Your assignment ->
A copy is needed of each line in the records that has the word "subseteq".

Records for the task below:

lemma ipow_one: "ideal m \<Longrightarrow> ipow m (Suc 0) = m"
  by (simp add: setmul_ideal_G)

lemma ipow_Suc_subset: "ideal m \<Longrightarrow> ipow m (Suc j) \<subseteq> ipow m j"
  using setmul_mono[OF ideal_subset subset_refl, of m "ipow m j"] setmul_G_ideal[OF ideal_ipow] by auto

lemma ipow_antimono:
  assumes "ideal m" "i \<le> j"
  shows "ipow m j \<subseteq> ipow m i"
  using assms(2) by (induction j rule: dec_induct) (use ipow_Suc_subset[OF assms(1)] in blast)+

lemma power_mem_ipow: "ideal m \<Longrightarrow> x \<in> m \<Longrightarrow> x ^ j \<in> ipow m j"
  by (induction j) (simp_all add: G_one setmul_mult)

lemma one_minus_power_mem:
  assumes J: "ideal J" and "x \<in> G" "1 - x \<in> J"
  shows "1 - x ^ j \<in> J"
proof (induction j)
  case (Suc j)
  have eq: "1 - x ^ Suc j = (1 - x) + x * (1 - x ^ j)" by (simp add: algebra_simps)
  show ?case unfolding eq by (rule ideal_add[OF J assms(3) ideal_mult_left[OF J assms(2) Suc]])
qed (simp add: ideal_zero[OF J])

lemma ideal_set_plus:
  assumes I: "ideal I" and J: "ideal J"
  shows "ideal (I + J)"
proof -
  have "submod (I + J)" by (rule submod_set_plus[OF ideal_submod[OF I] ideal_submod[OF J]])
  moreover have "I + J \<subseteq> G" by (rule set_plus_subset[OF subspace_G ideal_subset[OF I] ideal_subset[OF J]])
  moreover have "x * g \<in> I + J" if g: "g \<in> G" and x: "x \<in> I + J" for g x
  proof -
    obtain a b where "x = a + b" "a \<in> I" "b \<in> J" using x by (rule set_plus_elim)
    then show ?thesis
      using set_plus_intro[OF ideal_mult_right[OF I g] ideal_mult_right[OF J g]]
      by (simp add: distrib_right)
  qed
  ultimately show ?thesis unfolding two_sided_ideal_def left_submod_def by blast
qed

lemma maximal_ideals_comaximal:
  assumes n: "maximal_ideal G n" and p: "maximal_ideal G p" and "n \<noteq> p"
  obtains x where "x \<in> n" "1 - x \<in> p"
proof -
  have I: "ideal n" "ideal p" using n p maximal_ideal_ideal by auto
  have "n \<subseteq> n + p" by (rule subset_set_plus_left[OF ideal_zero[OF I(2)]])
  moreover have "p \<subseteq> n + p" by (rule set_zero_plus2[OF ideal_zero[OF I(1)]])
  ultimately have "n + p = G"
    using n p \<open>n \<noteq> p\<close> ideal_set_plus[OF I] unfolding maximal_ideal_def by metis
  then have "1 \<in> n + p" using G_one by simp
  then obtain a b where "1 = a + b" "a \<in> n" "b \<in> p" by (rule set_plus_elim)
  then show ?thesis using that[of a] by (metis add_diff_cancel_left')
qed

lemma ipow_comaximal:
  assumes n: "maximal_ideal G n" and p: "maximal_ideal G p" and "n \<noteq> p"
  obtains e where "e \<in> ipow n i" "1 - e \<in> ipow p j"
proof -
  have I: "ideal n" "ideal p" using n p maximal_ideal_ideal by auto
  obtain x where x: "x \<in> n" "1 - x \<in> p" using maximal_ideals_comaximal[OF assms] .
  let ?y = "1 - x ^ i"
  have y: "?y \<in> p" using one_minus_power_mem[OF I(2) _ x(2)] x(1) ideal_subset[OF I(1)] by blast
  have "1 - ?y \<in> ipow n i" using power_mem_ipow[OF I(1) x(1)] by simp
  then have "1 - ?y ^ j \<in> ipow n i"
    using one_minus_power_mem[OF ideal_ipow[OF I(1)]] y ideal_subset[OF I(2)] by blast
  moreover have "1 - (1 - ?y ^ j) \<in> ipow p j" using power_mem_ipow[OF I(2) y] by simp
  ultimately show ?thesis by (rule that)
qed

lemma chinese_remainder:
  assumes "finite F" "maximal_ideal G p" "\<forall>n\<in>F. maximal_ideal G n \<and> n \<noteq> p"
  obtains e where "e \<in> G" "\<forall>n\<in>F. e \<in> ipow n (j n)" "1 - e \<in> ipow p i"
  using assms(1,3)
proof (induction F arbitrary: thesis rule: finite_induct)
  case empty
  then show ?case using G_one ideal_zero[OF ideal_ipow[OF maximal_ideal_ideal[OF assms(2)]]] by simp
next
  case (insert n F)
  have P: "ideal (ipow p i)" using ideal_ipow maximal_ideal_ideal assms(2) by blast
  obtain e where e: "e \<in> G" "\<forall>n\<in>F. e \<in> ipow n (j n)" "1 - e \<in> ipow p i"
    using insert.IH insert.prems(2) by blast
  have n: "maximal_ideal G n" "n \<noteq> p" using insert.prems(2) by auto
  obtain f where f: "f \<in> ipow n (j n)" "1 - f \<in> ipow p i"
    using ipow_comaximal[OF n(1) assms(2) n(2)] .
  have N: "ideal (ipow n (j n))" using ideal_ipow maximal_ideal_ideal n(1) by blast
  have fG: "f \<in> G" using f(1) ideal_subset[OF N] by blast
  have "\<forall>n'\<in>insert n F. f * e \<in> ipow n' (j n')"
    using ideal_mult_right[OF N e(1) f(1)] e(2) insert.prems(2) fG
    by (auto intro: ideal_mult_left[OF ideal_ipow[OF maximal_ideal_ideal]])
  moreover have "1 - f * e = (1 - f) + f * (1 - e)" by (simp add: algebra_simps)
  then have "1 - f * e \<in> ipow p i" using ideal_add[OF P f(2) ideal_mult_left[OF P fG e(3)]] by metis
  ultimately show ?case using insert.prems(1) G_mult[OF fG e(1)] by blast
qed

subsection \<open>Finite-dimensionality of double cosets modulo \<open>A m\<^sup>k\<close>\<close>

definition left_span :: "'a set \<Rightarrow> 'a set" where
  "left_span F = {\<Sum>f\<in>F. c f * f | c. \<forall>f\<in>F. c f \<in> G}"

lemma left_spanI: "(\<And>f. f \<in> F \<Longrightarrow> c f \<in> G) \<Longrightarrow> (\<Sum>f\<in>F. c f * f) \<in> left_span F"
  unfolding left_span_def by blast

lemma left_spanE:
  assumes "x \<in> left_span F"
  obtains c where "\<forall>f\<in>F. c f \<in> G" "x = (\<Sum>f\<in>F. c f * f)"
  using assms unfolding left_span_def by blast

End of Records for the task.

Expected output ->
lemma ipow_Suc_subset: "ideal m \<Longrightarrow> ipow m (Suc j) \<subseteq> ipow m j"
  shows "ipow m j \<subseteq> ipow m i"
  moreover have "I + J \<subseteq> G" by (rule set_plus_subset[OF subspace_G ideal_subset[OF I] ideal_subset[OF J]])
  have "n \<subseteq> n + p" by (rule subset_set_plus_left[OF ideal_zero[OF I(2)]])
  moreover have "p \<subseteq> n + p" by (rule set_zero_plus2[OF ideal_zero[OF I(1)]])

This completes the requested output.